theorem theorem3p1:
  fixes M :: "'a measure" and w :: "real \<Rightarrow> 'a \<Rightarrow> 'a"
    and \<psi> :: "real \<Rightarrow> 'a \<Rightarrow> real \<Rightarrow> real"
  assumes erg: "ergodic_mds M w"
    and meas: "(\<lambda>(t, \<theta>, x). (w t \<theta>, \<psi> t \<theta> x)) \<in> borel \<Otimes>\<^sub>M (M \<Otimes>\<^sub>M borel) \<rightarrow>\<^sub>M M \<Otimes>\<^sub>M borel"
    and cocycle: "\<And>t1 t2 \<theta> x. \<theta> \<in> space M \<Longrightarrow>
                    \<psi> (t1 + t2) \<theta> x = \<psi> t2 (w t1 \<theta>) (\<psi> t1 \<theta> x)"
    and per: "\<And>t \<theta> x. \<theta> \<in> space M \<Longrightarrow> \<psi> t \<theta> (x + 1) = \<psi> t \<theta> x + 1"
    and mono: "\<exists>C\<ge>0. \<forall>t. \<forall>\<theta>\<in>space M. \<forall>x x'. x \<le> x' \<longrightarrow> \<psi> t \<theta> x \<le> \<psi> t \<theta> x' + C"
    and bdd: "\<exists>\<eta>\<ge>0. \<forall>t\<in>{0..1}. \<forall>\<theta>\<in>space M. \<forall>x. \<bar>\<psi> t \<theta> x - x\<bar> \<le> \<eta>"
  shows "\<exists>\<rho>::real. \<exists>\<Theta>0. \<Theta>0 \<subseteq> space M \<and> \<Theta>0 \<in> sets M \<and> measure M \<Theta>0 = 1 \<and>
           (\<forall>\<theta>\<in>\<Theta>0. \<forall>x. ((\<lambda>t. (\<psi> t \<theta> x - x) / t) \<longlongrightarrow> \<rho>) at_top)"
proof -
  obtain C where C: "\<forall>t. \<forall>\<theta>\<in>space M. \<forall>x x'. x \<le> x' \<longrightarrow> \<psi> t \<theta> x \<le> \<psi> t \<theta> x' + C"
    using mono by blast
  obtain \<eta> where \<eta>: "\<forall>t\<in>{0..1}. \<forall>\<theta>\<in>space M. \<forall>x. \<bar>\<psi> t \<theta> x - x\<bar> \<le> \<eta>"
    using bdd by blast
  interpret lifted_circle_cocycle M w \<psi> C \<eta>
    by unfold_locales (use erg meas cocycle per C \<eta> in auto)
  show ?thesis
    by (rule rotation_number)
qed

end
(* Let $X,Y\in\mathbb{R}^{n\times n}$ and define $L:\mathbb{R}^{n\times n}\to\mathbb{R}^{n\times n}$ by $L(A)=XAY$. Then $L$ maps the set of minimally semipositive $n\times n$ matrices onto itself (i.e. $L(S)=S$ where $S$ is this set) if and only if either both $X$ and $Y$ are monomial, or both $-X$ and $-Y$ are monomial.
   Context: For a matrix or vector, $\geq 0$ means entrywise nonnegative and $>0$ entrywise positive. A matrix $A\in\mathbb{R}^{m\times n}$ is semipositive if there exists $x\in\mathbb{R}^n$ with $x\geq 0$ and $Ax>0$. $A$ is minimally semipositive if it is semipositive and no submatrix obtained from $A$ by deleting one or more columns is semipositive. A square matrix $A$ is monomial if $A\geq 0$ and every row and every column of $A$ contains exactly one nonzero entry. *)

theory Defs
  imports "HOL-Analysis.Analysis"
begin

text \<open>Matrices are elements of real^'n^'m (rows indexed by 'm, columns by 'n);
  entry (i,j) is A $ i $ j.\<close>

definition semipositive :: "real^'n^'m \<Rightarrow> bool" where
  "semipositive A \<longleftrightarrow> (\<exists>x. (\<forall>j. x $ j \<ge> 0) \<and> (\<forall>i. (A *v x) $ i > 0))"

text \<open>The submatrix of A keeping exactly the columns in J is semipositive.
  (A nonnegative x supported on J, applied to A, equals the submatrix applied to the
  restriction of x.)\<close>
definition semipositive_on_cols :: "real^'n^'m \<Rightarrow> 'n set \<Rightarrow> bool" where
  "semipositive_on_cols A J \<longleftrightarrow>
     (\<exists>x. (\<forall>j. x $ j \<ge> 0) \<and> (\<forall>j. j \<notin> J \<longrightarrow> x $ j = 0) \<and> (\<forall>i. (A *v x) $ i > 0))"

definition minimally_semipositive :: "real^'n^'m \<Rightarrow> bool" where
  "minimally_semipositive A \<longleftrightarrow>
     semipositive A \<and> (\<forall>J. J \<subset> UNIV \<longrightarrow> \<not> semipositive_on_cols A J)"

definition monomial_matrix :: "real^'n^'n \<Rightarrow> bool" where
  "monomial_matrix A \<longleftrightarrow>
     (\<forall>i j. A $ i $ j \<ge> 0) \<and>
     (\<forall>i. \<exists>!j. A $ i $ j \<noteq> 0) \<and>
     (\<forall>j. \<exists>!i. A $ i $ j \<noteq> 0)"

end

theory Submission
  imports Defs
begin

text \<open>A square matrix is minimally semipositive iff it is monotone in the sense of Collatz
  (A v \<ge> 0 implies v \<ge> 0), i.e. invertible with a nonnegative inverse, and the monomial
  matrices are exactly the nonnegative monotone ones. So the question is which maps
  A \<mapsto> X A Y permute the monotone matrices; monomial X, Y (or -X, -Y) clearly do.
  Conversely, the image of I forces X and Y to be invertible, with inverses Q and P.
  Feeding in the monotone inverses of the matrices I + c E_ij with c \<ge> 0 shows
  P_ki Q_jl \<ge> 0 for all indices, and the same argument for the inverse map gives
  Y_ki X_jl \<ge> 0. Hence X, Y, Q, P are all nonnegative or all nonpositive, and a nonnegative
  matrix with a nonnegative inverse is monomial.\<close>

definition monotone_matrix :: "real^'n^'m \<Rightarrow> bool" where
  "monotone_matrix M \<longleftrightarrow> (\<forall>v. 0 \<le> M *v v \<longrightarrow> 0 \<le> v)"

lemma nonneg_matrix_vector_mult:
  fixes M :: "real^'n^'m"
  assumes "0 \<le> M" "0 \<le> v"
  shows "0 \<le> M *v v"
  using assms by (auto simp: less_eq_vec_def matrix_vector_mult_def intro!: sum_nonneg)

lemma monotone_matrix_mult:
  assumes "monotone_matrix M" "monotone_matrix N"
  shows "monotone_matrix (M ** N)"
  using assms unfolding monotone_matrix_def by (metis matrix_vector_mul_assoc)

lemma monotone_matrix_right_inverse_nonneg:
  fixes M :: "real^'n^'m"
  assumes "monotone_matrix M" "M ** R = mat 1"
  shows "0 \<le> R"
proof -
  have "0 \<le> R *v axis j 1" for j
  proof -
    have "M *v (R *v axis j 1) = axis j 1"
      by (simp add: matrix_vector_mul_assoc assms(2))
    then show ?thesis
      using assms(1) unfolding monotone_matrix_def by (simp add: less_eq_vec_def axis_def)
  qed
  then show ?thesis
    by (simp add: less_eq_vec_def matrix_vector_mult_basis column_def)
qed

lemma monotone_matrix_iff_nonneg_right_inverse:
  fixes M :: "real^'n^'n"
  shows "monotone_matrix M \<longleftrightarrow> (\<exists>N. M ** N = mat 1 \<and> 0 \<le> N)"
proof
  assume mono: "monotone_matrix M"
  have "x = 0" if "M *v x = 0" for x
  proof -
    have "M *v (- x) = 0"
      using that by (metis matrix_vector_mult_diff_distrib diff_0 diff_self)
    then have "0 \<le> x" "0 \<le> - x"
      using mono that unfolding monotone_matrix_def by (metis order_refl)+
    then show ?thesis by simp
  qed
  then obtain N where "N ** M = mat 1"
    using matrix_left_invertible_ker by blast
  then have "M ** N = mat 1"
    using matrix_left_right_inverse by blast
  then show "\<exists>N. M ** N = mat 1 \<and> 0 \<le> N"
    using monotone_matrix_right_inverse_nonneg[OF mono] by blast
next
  assume "\<exists>N. M ** N = mat 1 \<and> 0 \<le> N"
  then obtain N where "N ** M = mat 1" "0 \<le> N"
    using matrix_left_right_inverse by blast
  then show "monotone_matrix M"
    unfolding monotone_matrix_def
    by (metis matrix_vector_mul_assoc matrix_vector_mul_lid nonneg_matrix_vector_mult)
qed

lemma right_invertible_row_nonzero:
  fixes N :: "real^'n^'m"
  assumes "N ** A = mat 1"
  obtains l where "N$k$l \<noteq> 0"
proof -
  have "(N ** A)$k$k = 1"
    using assms by (simp add: mat_def)
  then have "(\<Sum>l\<in>UNIV. N$k$l * A$l$k) = 1"
    by (simp add: matrix_matrix_mult_def)
  then show thesis
    using that by (metis (no_types, lifting) mult_eq_0_iff sum.neutral zero_neq_one)
qed

lemma nonneg_matrix_vector_mult_pos:
  fixes N :: "real^'n^'m"
  assumes "0 \<le> N" "N$k$l \<noteq> 0" "\<forall>i. 0 < w$i"
  shows "0 < (N *v w)$k"
proof -
  have "0 < N$k$l * w$l"
    using assms by (simp add: less_eq_vec_def order_less_le)
  moreover have "0 \<le> N$k$i * w$i" for i
    using assms by (simp add: less_eq_vec_def order_less_imp_le)
  ultimately show ?thesis
    unfolding matrix_vector_mult_def by (simp add: sum_pos2[of UNIV l])
qed

text \<open>Move from a semipositivity witness x along a direction v with A v \<ge> 0 until the
  first coordinate of x + t v vanishes.\<close>
lemma semipositive_drop_column:
  fixes A :: "real^'n^'m"
  assumes "semipositive A" "0 \<le> A *v v" "\<not> 0 \<le> v"
  obtains k where "semipositive_on_cols A (- {k})"
proof -
  obtain x where x0: "\<forall>j. 0 \<le> x$j" and Ax: "\<forall>i. 0 < (A *v x)$i"
    using assms(1) unfolding semipositive_def by blast
  define K where "K = {k. v$k < 0}"
  have "K \<noteq> {}"
    using assms(3) by (auto simp: K_def less_eq_vec_def not_le)
  define ratio where "ratio k = x$k / - v$k" for k
  define k where "k = arg_min_on ratio K"
  have k: "k \<in> K" "\<And>k'. k' \<in> K \<Longrightarrow> ratio k \<le> ratio k'"
    using arg_min_if_finite[OF finite \<open>K \<noteq> {}\<close>, of ratio] unfolding k_def by (auto simp: not_less)
  define t where "t = ratio k"
  have t0: "0 \<le> t"
    using k(1) x0 by (simp add: t_def ratio_def K_def divide_nonneg_neg)
  define y where "y = x + t *\<^sub>R v"
  have "0 \<le> y$j" for j
  proof (cases "j \<in> K")
    case True
    then have "t \<le> x$j / - v$j"
      using k(2) by (simp add: t_def ratio_def)
    then show ?thesis
      using True by (simp add: y_def K_def field_simps)
  next
    case False
    then show ?thesis
      using x0 t0 by (simp add: y_def K_def)
  qed
  moreover have "y$k = 0"
    using k(1) by (simp add: y_def t_def ratio_def K_def)
  moreover have "0 < (A *v y)$i" for i
  proof -
    have "A *v y = A *v x + t *\<^sub>R (A *v v)"
      by (simp add: y_def matrix_vector_right_distrib matrix_vector_mult_scaleR)
    then show ?thesis
      using Ax assms(2) t0 by (simp add: less_eq_vec_def add_pos_nonneg)
  qed
  ultimately have "semipositive_on_cols A (- {k})"
    unfolding semipositive_on_cols_def by (intro exI[of _ y]) auto
  then show thesis by (rule that)
qed

lemma minimally_semipositive_imp_monotone:
  fixes A :: "real^'n^'m"
  assumes "minimally_semipositive A"
  shows "monotone_matrix A"
  unfolding monotone_matrix_def
proof (intro allI impI)
  fix v assume "0 \<le> A *v v"
  show "0 \<le> v"
  proof (rule ccontr)
    assume "\<not> 0 \<le> v"
    then obtain k where "semipositive_on_cols A (- {k})"
      using assms \<open>0 \<le> A *v v\<close> semipositive_drop_column
      unfolding minimally_semipositive_def by blast
    moreover have "- {k} \<subset> UNIV" by auto
    ultimately show False
      using assms unfolding minimally_semipositive_def by blast
  qed
qed

lemma monotone_imp_minimally_semipositive:
  fixes A :: "real^'n^'n"
  assumes "monotone_matrix A"
  shows "minimally_semipositive A"
proof -
  obtain N where "A ** N = mat 1" and N0: "0 \<le> N"
    using assms monotone_matrix_iff_nonneg_right_inverse by blast
  then have NA: "N ** A = mat 1"
    using matrix_left_right_inverse by blast
  have "0 \<le> N *v 1"
    using N0 by (rule nonneg_matrix_vector_mult) (simp add: less_eq_vec_def)
  moreover have "A *v (N *v 1) = 1"
    using \<open>A ** N = mat 1\<close> by (simp add: matrix_vector_mul_assoc)
  ultimately have "semipositive A"
    unfolding semipositive_def by (intro exI[of _ "N *v 1"]) (simp add: less_eq_vec_def)
  moreover have "\<not> semipositive_on_cols A J" if J: "J \<subset> UNIV" for J
  proof
    assume "semipositive_on_cols A J"
    then obtain y where "\<forall>j. j \<notin> J \<longrightarrow> y$j = 0" and Ay: "\<forall>i. 0 < (A *v y)$i"
      unfolding semipositive_on_cols_def by blast
    moreover obtain k where "k \<notin> J"
      using J by auto
    moreover obtain l where "N$k$l \<noteq> 0"
      using right_invertible_row_nonzero[OF NA] by blast
    then have "0 < (N *v (A *v y))$k"
      using nonneg_matrix_vector_mult_pos[OF N0 _ Ay] by blast
    ultimately show False
      by (simp add: matrix_vector_mul_assoc NA)
  qed
  ultimately show ?thesis
    unfolding minimally_semipositive_def by blast
qed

-.-.-

(ACTIVITY):
Search the material above for lines containing the string "moreover", then pull them out.

(PROBLEM SOLUTION):
  moreover have "0 \<le> N$k$i * w$i" for i
  moreover have "y$k = 0"
  moreover have "0 < (A *v y)$i" for i
    moreover have "- {k} \<subset> UNIV" by auto
  moreover have "A *v (N *v 1) = 1"
  moreover have "\<not> semipositive_on_cols A J" if J: "J \<subset> UNIV" for J
    moreover obtain k where "k \<notin> J"
    moreover obtain l where "N$k$l \<noteq> 0"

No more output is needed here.